— ABOUT THIS EXERCISE —
In the listing below, find the line containing "differences gives f" and the line containing "a strictly positive". Repeat exactly those two lines and every line between them.

— MATERIAL TO PROCESS —
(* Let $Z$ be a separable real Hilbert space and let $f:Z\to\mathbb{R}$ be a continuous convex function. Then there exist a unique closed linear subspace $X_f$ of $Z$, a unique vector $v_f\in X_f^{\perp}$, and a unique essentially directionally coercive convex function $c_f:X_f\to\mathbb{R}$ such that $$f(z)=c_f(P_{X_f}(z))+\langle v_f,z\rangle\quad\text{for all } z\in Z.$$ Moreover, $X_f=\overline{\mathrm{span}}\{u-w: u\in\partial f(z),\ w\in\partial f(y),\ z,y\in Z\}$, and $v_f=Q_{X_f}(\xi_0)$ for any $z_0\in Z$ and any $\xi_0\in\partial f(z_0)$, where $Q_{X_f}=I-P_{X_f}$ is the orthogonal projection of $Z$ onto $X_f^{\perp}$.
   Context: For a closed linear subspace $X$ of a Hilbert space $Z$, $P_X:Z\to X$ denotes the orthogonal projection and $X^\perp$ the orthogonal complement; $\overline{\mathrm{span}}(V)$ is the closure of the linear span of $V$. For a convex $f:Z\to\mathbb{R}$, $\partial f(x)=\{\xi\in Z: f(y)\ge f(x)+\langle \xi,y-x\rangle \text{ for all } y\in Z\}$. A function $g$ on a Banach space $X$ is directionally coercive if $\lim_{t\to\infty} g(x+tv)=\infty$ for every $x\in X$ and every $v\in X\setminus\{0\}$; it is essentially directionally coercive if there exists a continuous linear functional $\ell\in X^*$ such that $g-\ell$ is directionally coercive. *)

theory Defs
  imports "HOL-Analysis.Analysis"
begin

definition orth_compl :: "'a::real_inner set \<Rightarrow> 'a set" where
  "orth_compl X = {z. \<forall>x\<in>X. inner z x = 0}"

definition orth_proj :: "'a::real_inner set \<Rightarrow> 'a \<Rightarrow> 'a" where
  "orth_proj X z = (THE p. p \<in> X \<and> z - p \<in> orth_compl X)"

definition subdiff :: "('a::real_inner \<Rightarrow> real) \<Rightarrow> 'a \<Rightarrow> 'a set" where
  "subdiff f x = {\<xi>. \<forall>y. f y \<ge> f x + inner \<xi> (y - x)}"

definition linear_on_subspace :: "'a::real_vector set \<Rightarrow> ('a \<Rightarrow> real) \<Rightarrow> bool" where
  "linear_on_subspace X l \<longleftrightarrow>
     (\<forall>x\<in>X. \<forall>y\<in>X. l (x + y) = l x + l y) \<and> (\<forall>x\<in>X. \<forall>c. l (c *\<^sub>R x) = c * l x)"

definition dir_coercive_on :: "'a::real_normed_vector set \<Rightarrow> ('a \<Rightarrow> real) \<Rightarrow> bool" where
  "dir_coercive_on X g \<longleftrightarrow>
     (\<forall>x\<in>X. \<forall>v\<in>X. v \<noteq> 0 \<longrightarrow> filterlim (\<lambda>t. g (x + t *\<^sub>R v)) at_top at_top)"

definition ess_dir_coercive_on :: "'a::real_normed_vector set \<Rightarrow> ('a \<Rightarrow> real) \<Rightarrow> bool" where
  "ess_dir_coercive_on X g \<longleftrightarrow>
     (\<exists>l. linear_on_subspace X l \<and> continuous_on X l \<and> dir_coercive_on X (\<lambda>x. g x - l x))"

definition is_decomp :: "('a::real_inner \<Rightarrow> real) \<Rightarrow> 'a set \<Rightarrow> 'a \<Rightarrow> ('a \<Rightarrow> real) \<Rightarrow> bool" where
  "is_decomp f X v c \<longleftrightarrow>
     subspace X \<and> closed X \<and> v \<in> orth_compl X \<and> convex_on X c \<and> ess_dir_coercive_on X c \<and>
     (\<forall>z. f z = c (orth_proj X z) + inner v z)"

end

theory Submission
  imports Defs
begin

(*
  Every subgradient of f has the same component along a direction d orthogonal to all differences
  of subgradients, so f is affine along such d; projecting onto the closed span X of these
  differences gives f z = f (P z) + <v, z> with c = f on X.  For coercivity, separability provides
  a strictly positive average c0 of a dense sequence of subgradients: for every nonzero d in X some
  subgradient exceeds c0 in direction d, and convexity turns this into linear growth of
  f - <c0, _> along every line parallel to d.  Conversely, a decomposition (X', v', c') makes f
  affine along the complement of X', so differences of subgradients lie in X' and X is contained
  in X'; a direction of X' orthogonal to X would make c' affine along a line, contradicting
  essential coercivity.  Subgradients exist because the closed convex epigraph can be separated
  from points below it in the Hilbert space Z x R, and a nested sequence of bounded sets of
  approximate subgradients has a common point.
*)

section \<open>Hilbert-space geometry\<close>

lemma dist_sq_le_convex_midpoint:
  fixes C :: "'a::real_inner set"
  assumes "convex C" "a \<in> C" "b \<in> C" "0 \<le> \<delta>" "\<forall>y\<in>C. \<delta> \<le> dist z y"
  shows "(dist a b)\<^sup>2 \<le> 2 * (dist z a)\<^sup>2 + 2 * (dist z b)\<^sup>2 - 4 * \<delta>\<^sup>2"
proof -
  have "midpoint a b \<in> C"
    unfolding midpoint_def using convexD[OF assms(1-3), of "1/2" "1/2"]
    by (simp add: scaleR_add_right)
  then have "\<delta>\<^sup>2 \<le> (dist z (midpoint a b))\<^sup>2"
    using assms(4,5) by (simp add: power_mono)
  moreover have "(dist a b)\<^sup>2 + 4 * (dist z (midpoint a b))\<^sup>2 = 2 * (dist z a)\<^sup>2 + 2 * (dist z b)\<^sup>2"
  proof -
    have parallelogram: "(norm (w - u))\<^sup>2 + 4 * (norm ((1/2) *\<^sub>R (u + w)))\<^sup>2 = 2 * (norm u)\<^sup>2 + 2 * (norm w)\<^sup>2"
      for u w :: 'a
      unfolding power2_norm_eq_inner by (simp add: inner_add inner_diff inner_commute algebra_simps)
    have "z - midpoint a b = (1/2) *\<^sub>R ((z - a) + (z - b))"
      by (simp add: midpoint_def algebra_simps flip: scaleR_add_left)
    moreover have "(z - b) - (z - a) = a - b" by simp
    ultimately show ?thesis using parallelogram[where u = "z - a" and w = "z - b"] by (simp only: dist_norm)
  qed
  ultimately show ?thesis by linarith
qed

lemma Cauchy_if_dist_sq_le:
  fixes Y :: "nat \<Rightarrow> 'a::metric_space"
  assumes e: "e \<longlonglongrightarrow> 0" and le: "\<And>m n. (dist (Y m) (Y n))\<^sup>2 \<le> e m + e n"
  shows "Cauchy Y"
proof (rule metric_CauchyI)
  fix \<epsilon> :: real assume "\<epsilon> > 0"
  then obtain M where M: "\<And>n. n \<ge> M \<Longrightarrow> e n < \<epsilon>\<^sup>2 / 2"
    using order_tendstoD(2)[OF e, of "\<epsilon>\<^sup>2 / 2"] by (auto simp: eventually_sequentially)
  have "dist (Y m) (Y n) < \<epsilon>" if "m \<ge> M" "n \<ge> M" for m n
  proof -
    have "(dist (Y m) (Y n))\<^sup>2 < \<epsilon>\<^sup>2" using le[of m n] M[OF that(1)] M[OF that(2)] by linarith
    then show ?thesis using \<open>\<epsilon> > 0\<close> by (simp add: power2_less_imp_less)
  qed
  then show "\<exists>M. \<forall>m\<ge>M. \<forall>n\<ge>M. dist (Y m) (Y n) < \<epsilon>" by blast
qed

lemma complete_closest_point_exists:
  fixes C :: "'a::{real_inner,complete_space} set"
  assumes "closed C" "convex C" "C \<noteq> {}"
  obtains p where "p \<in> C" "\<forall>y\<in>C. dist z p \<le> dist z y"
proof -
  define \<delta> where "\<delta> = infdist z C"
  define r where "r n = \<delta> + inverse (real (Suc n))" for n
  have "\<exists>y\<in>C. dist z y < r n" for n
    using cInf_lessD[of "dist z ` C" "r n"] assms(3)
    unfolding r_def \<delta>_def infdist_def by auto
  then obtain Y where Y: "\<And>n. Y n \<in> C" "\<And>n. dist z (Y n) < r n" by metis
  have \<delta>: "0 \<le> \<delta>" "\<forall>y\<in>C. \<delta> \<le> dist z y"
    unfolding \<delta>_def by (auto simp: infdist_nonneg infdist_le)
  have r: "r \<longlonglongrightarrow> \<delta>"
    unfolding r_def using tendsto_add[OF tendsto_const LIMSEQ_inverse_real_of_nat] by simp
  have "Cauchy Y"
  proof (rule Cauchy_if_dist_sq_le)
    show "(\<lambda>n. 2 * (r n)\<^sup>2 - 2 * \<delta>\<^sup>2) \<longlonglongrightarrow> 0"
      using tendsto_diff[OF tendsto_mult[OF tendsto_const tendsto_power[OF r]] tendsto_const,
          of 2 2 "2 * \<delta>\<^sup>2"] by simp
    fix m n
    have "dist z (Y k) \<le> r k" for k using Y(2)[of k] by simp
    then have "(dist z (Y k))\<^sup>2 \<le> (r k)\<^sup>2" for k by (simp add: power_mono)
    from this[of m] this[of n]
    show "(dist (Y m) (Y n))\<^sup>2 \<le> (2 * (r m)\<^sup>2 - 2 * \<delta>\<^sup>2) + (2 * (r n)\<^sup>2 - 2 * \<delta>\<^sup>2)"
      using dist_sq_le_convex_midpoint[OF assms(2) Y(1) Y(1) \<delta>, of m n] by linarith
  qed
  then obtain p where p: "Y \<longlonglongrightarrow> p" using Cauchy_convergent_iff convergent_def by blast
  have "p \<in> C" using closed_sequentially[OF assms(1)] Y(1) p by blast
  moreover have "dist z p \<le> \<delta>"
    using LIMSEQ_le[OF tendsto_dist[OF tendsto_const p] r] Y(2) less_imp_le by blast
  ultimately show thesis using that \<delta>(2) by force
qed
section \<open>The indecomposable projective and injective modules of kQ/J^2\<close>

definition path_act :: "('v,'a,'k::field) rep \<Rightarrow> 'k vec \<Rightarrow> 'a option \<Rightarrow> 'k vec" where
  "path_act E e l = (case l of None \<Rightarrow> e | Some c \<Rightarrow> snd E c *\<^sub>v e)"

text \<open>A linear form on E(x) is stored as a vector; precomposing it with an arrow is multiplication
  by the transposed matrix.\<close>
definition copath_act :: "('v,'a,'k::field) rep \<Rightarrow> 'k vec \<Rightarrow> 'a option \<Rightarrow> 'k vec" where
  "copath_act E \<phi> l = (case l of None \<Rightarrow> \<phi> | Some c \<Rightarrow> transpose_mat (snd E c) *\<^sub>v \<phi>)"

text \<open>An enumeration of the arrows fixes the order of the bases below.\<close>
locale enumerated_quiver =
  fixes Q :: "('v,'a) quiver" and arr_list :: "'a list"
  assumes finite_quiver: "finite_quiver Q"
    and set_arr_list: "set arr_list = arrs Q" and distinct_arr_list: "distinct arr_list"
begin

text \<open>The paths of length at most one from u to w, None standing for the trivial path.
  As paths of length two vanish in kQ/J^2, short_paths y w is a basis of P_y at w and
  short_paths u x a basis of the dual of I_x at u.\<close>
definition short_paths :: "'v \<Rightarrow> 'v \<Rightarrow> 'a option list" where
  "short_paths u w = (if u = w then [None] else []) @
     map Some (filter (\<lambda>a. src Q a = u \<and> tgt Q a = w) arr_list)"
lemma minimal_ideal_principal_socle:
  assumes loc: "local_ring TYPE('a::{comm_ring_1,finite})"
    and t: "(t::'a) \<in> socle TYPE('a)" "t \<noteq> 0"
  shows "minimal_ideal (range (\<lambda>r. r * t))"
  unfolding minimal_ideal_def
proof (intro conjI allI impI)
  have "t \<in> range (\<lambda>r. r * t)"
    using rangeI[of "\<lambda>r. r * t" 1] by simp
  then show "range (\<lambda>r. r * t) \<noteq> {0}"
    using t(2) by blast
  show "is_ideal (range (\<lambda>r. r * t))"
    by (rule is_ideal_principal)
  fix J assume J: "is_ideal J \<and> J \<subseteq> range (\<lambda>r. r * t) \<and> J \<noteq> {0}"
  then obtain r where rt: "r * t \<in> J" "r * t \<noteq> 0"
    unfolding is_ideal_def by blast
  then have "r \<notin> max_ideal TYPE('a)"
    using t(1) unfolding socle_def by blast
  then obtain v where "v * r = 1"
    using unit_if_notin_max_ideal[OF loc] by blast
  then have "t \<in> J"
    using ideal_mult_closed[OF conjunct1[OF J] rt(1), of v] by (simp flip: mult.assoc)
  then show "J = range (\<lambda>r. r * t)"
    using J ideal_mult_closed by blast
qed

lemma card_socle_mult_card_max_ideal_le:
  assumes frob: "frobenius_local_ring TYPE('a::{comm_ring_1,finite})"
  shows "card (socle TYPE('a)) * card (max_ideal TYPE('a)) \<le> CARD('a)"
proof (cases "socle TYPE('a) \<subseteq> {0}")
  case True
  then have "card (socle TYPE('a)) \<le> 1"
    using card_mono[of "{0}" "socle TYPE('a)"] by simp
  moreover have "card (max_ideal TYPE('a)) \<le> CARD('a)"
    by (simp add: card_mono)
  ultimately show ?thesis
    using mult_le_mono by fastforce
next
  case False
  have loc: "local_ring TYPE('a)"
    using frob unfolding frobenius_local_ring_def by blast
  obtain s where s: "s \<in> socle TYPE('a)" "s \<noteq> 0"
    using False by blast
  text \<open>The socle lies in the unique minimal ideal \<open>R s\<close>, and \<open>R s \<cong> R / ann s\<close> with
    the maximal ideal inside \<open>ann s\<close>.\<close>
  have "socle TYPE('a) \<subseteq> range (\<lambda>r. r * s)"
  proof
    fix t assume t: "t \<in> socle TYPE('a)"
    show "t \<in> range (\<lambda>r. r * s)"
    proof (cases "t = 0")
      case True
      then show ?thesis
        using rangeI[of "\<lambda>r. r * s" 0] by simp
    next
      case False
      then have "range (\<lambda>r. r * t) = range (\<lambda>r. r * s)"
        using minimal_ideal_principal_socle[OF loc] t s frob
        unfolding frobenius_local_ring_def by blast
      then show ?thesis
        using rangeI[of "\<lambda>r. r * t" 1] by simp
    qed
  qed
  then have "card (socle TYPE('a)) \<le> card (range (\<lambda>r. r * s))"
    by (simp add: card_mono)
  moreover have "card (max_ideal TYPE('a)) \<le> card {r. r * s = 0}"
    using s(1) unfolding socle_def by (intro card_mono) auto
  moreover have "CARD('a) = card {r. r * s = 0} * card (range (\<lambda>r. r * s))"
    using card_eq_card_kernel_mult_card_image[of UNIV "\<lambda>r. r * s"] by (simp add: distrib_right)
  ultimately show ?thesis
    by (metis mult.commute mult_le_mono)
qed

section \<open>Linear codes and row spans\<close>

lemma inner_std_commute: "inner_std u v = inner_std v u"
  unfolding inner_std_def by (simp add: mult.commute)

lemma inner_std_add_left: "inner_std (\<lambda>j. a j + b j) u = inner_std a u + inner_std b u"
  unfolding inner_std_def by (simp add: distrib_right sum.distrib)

— SOLUTION FOR THIS TASK —
  differences gives f z = f (P z) + <v, z> with c = f on X.  For coercivity, separability provides
  a strictly positive average c0 of a dense sequence of subgradients: for every nonzero d in X some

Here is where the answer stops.